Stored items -
=== Begin Enclosure ===

lemma induced_map_hom:
  assumes RS: "\<forall>r\<in>R. word_over S r" and \<psi>: "presentation_map S R S' R' \<psi>"
  shows "induced_map S' R' \<psi> \<in> hom (presented_group S R) (presented_group S' R')"
proof (rule homI)
  note ov = presentation_map_word_over[OF \<psi>]
  show "induced_map S' R' \<psi> x \<in> carrier (presented_group S' R')"
    if "x \<in> carrier (presented_group S R)" for x
    using that ov by (auto simp: carrier_presented_group induced_map_pres_class[OF RS \<psi>])
  show "induced_map S' R' \<psi> (x \<otimes>\<^bsub>presented_group S R\<^esub> y) =
        induced_map S' R' \<psi> x \<otimes>\<^bsub>presented_group S' R'\<^esub> induced_map S' R' \<psi> y"
    if "x \<in> carrier (presented_group S R)" "y \<in> carrier (presented_group S R)" for x y
    using that by (auto simp: carrier_presented_group mult_presented_group induced_map_pres_class[OF RS \<psi>])
qed

lemma induced_map_comp:
  assumes RS: "\<forall>r\<in>R. word_over S r" and RS': "\<forall>r\<in>R'. word_over S' r"
    and \<psi>: "presentation_map S R S' R' \<psi>" and \<phi>: "presentation_map S' R' S R \<phi>"
    and inv: "\<And>w. word_over S w \<Longrightarrow> pres_eq S R (subst \<phi> (subst \<psi> w)) w"
    and x: "x \<in> carrier (presented_group S R)"
  shows "induced_map S R \<phi> (induced_map S' R' \<psi> x) = x"
proof -
  obtain a where a: "word_over S a" "x = pres_class S R a"
    using x by (auto simp: carrier_presented_group)
  then have "word_over S' (subst \<psi> a)"
    using presentation_map_word_over[OF \<psi>] by blast
  with a show ?thesis
    by (simp add: induced_map_pres_class[OF RS \<psi>] induced_map_pres_class[OF RS' \<phi>]
        pres_class_eq_iff inv)
qed

lemma presented_group_iso:
  assumes RS: "\<forall>r\<in>R. word_over S r" and RS': "\<forall>r\<in>R'. word_over S' r"
    and \<psi>: "presentation_map S R S' R' \<psi>" and \<phi>: "presentation_map S' R' S R \<phi>"
    and inv1: "\<And>w. word_over S w \<Longrightarrow> pres_eq S R (subst \<phi> (subst \<psi> w)) w"
    and inv2: "\<And>w. word_over S' w \<Longrightarrow> pres_eq S' R' (subst \<psi> (subst \<phi> w)) w"
  shows "presented_group S R \<cong> presented_group S' R'"
proof (rule is_isoI)
  have hom: "induced_map S' R' \<psi> \<in> hom (presented_group S R) (presented_group S' R')"
    "induced_map S R \<phi> \<in> hom (presented_group S' R') (presented_group S R)"
    by (rule induced_map_hom[OF RS \<psi>], rule induced_map_hom[OF RS' \<phi>])
  have "bij_betw (induced_map S' R' \<psi>) (carrier (presented_group S R)) (carrier (presented_group S' R'))"
    by (rule bij_betw_byWitness[where f' = "induced_map S R \<phi>"])
      (use hom induced_map_comp[OF RS RS' \<psi> \<phi> inv1] induced_map_comp[OF RS' RS \<phi> \<psi> inv2]
        in \<open>auto simp: hom_def\<close>)
  with hom show "induced_map S' R' \<psi> \<in> iso (presented_group S R) (presented_group S' R')"
    by (simp add: iso_def)
qed

section \<open>Endomorphisms of free groups\<close>

definition endo_over :: "nat \<Rightarrow> (nat \<Rightarrow> word) \<Rightarrow> bool" where
  "endo_over n \<phi> \<longleftrightarrow> (\<forall>j\<in>{1..n}. word_over {1..n} (\<phi> j))"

=== End Enclosure ===

Required action - Reproduce each record above exactly, keeping every word as it stands.

Written response -
lemma induced_map_hom:
  assumes RS: "\<forall>r\<in>R. word_over S r" and \<psi>: "presentation_map S R S' R' \<psi>"
  shows "induced_map S' R' \<psi> \<in> hom (presented_group S R) (presented_group S' R')"
proof (rule homI)
  note ov = presentation_map_word_over[OF \<psi>]
  show "induced_map S' R' \<psi> x \<in> carrier (presented_group S' R')"
    if "x \<in> carrier (presented_group S R)" for x
    using that ov by (auto simp: carrier_presented_group induced_map_pres_class[OF RS \<psi>])
  show "induced_map S' R' \<psi> (x \<otimes>\<^bsub>presented_group S R\<^esub> y) =
        induced_map S' R' \<psi> x \<otimes>\<^bsub>presented_group S' R'\<^esub> induced_map S' R' \<psi> y"
    if "x \<in> carrier (presented_group S R)" "y \<in> carrier (presented_group S R)" for x y
    using that by (auto simp: carrier_presented_group mult_presented_group induced_map_pres_class[OF RS \<psi>])
qed

lemma induced_map_comp:
  assumes RS: "\<forall>r\<in>R. word_over S r" and RS': "\<forall>r\<in>R'. word_over S' r"
    and \<psi>: "presentation_map S R S' R' \<psi>" and \<phi>: "presentation_map S' R' S R \<phi>"
    and inv: "\<And>w. word_over S w \<Longrightarrow> pres_eq S R (subst \<phi> (subst \<psi> w)) w"
    and x: "x \<in> carrier (presented_group S R)"
  shows "induced_map S R \<phi> (induced_map S' R' \<psi> x) = x"
proof -
  obtain a where a: "word_over S a" "x = pres_class S R a"
    using x by (auto simp: carrier_presented_group)
  then have "word_over S' (subst \<psi> a)"
    using presentation_map_word_over[OF \<psi>] by blast
  with a show ?thesis
    by (simp add: induced_map_pres_class[OF RS \<psi>] induced_map_pres_class[OF RS' \<phi>]
        pres_class_eq_iff inv)
qed

lemma presented_group_iso:
  assumes RS: "\<forall>r\<in>R. word_over S r" and RS': "\<forall>r\<in>R'. word_over S' r"
    and \<psi>: "presentation_map S R S' R' \<psi>" and \<phi>: "presentation_map S' R' S R \<phi>"
    and inv1: "\<And>w. word_over S w \<Longrightarrow> pres_eq S R (subst \<phi> (subst \<psi> w)) w"
    and inv2: "\<And>w. word_over S' w \<Longrightarrow> pres_eq S' R' (subst \<psi> (subst \<phi> w)) w"
  shows "presented_group S R \<cong> presented_group S' R'"
proof (rule is_isoI)
  have hom: "induced_map S' R' \<psi> \<in> hom (presented_group S R) (presented_group S' R')"
    "induced_map S R \<phi> \<in> hom (presented_group S' R') (presented_group S R)"
    by (rule induced_map_hom[OF RS \<psi>], rule induced_map_hom[OF RS' \<phi>])
  have "bij_betw (induced_map S' R' \<psi>) (carrier (presented_group S R)) (carrier (presented_group S' R'))"
    by (rule bij_betw_byWitness[where f' = "induced_map S R \<phi>"])
      (use hom induced_map_comp[OF RS RS' \<psi> \<phi> inv1] induced_map_comp[OF RS' RS \<phi> \<psi> inv2]
        in \<open>auto simp: hom_def\<close>)
  with hom show "induced_map S' R' \<psi> \<in> iso (presented_group S R) (presented_group S' R')"
    by (simp add: iso_def)
qed

section \<open>Endomorphisms of free groups\<close>

definition endo_over :: "nat \<Rightarrow> (nat \<Rightarrow> word) \<Rightarrow> bool" where
  "endo_over n \<phi> \<longleftrightarrow> (\<forall>j\<in>{1..n}. word_over {1..n} (\<phi> j))"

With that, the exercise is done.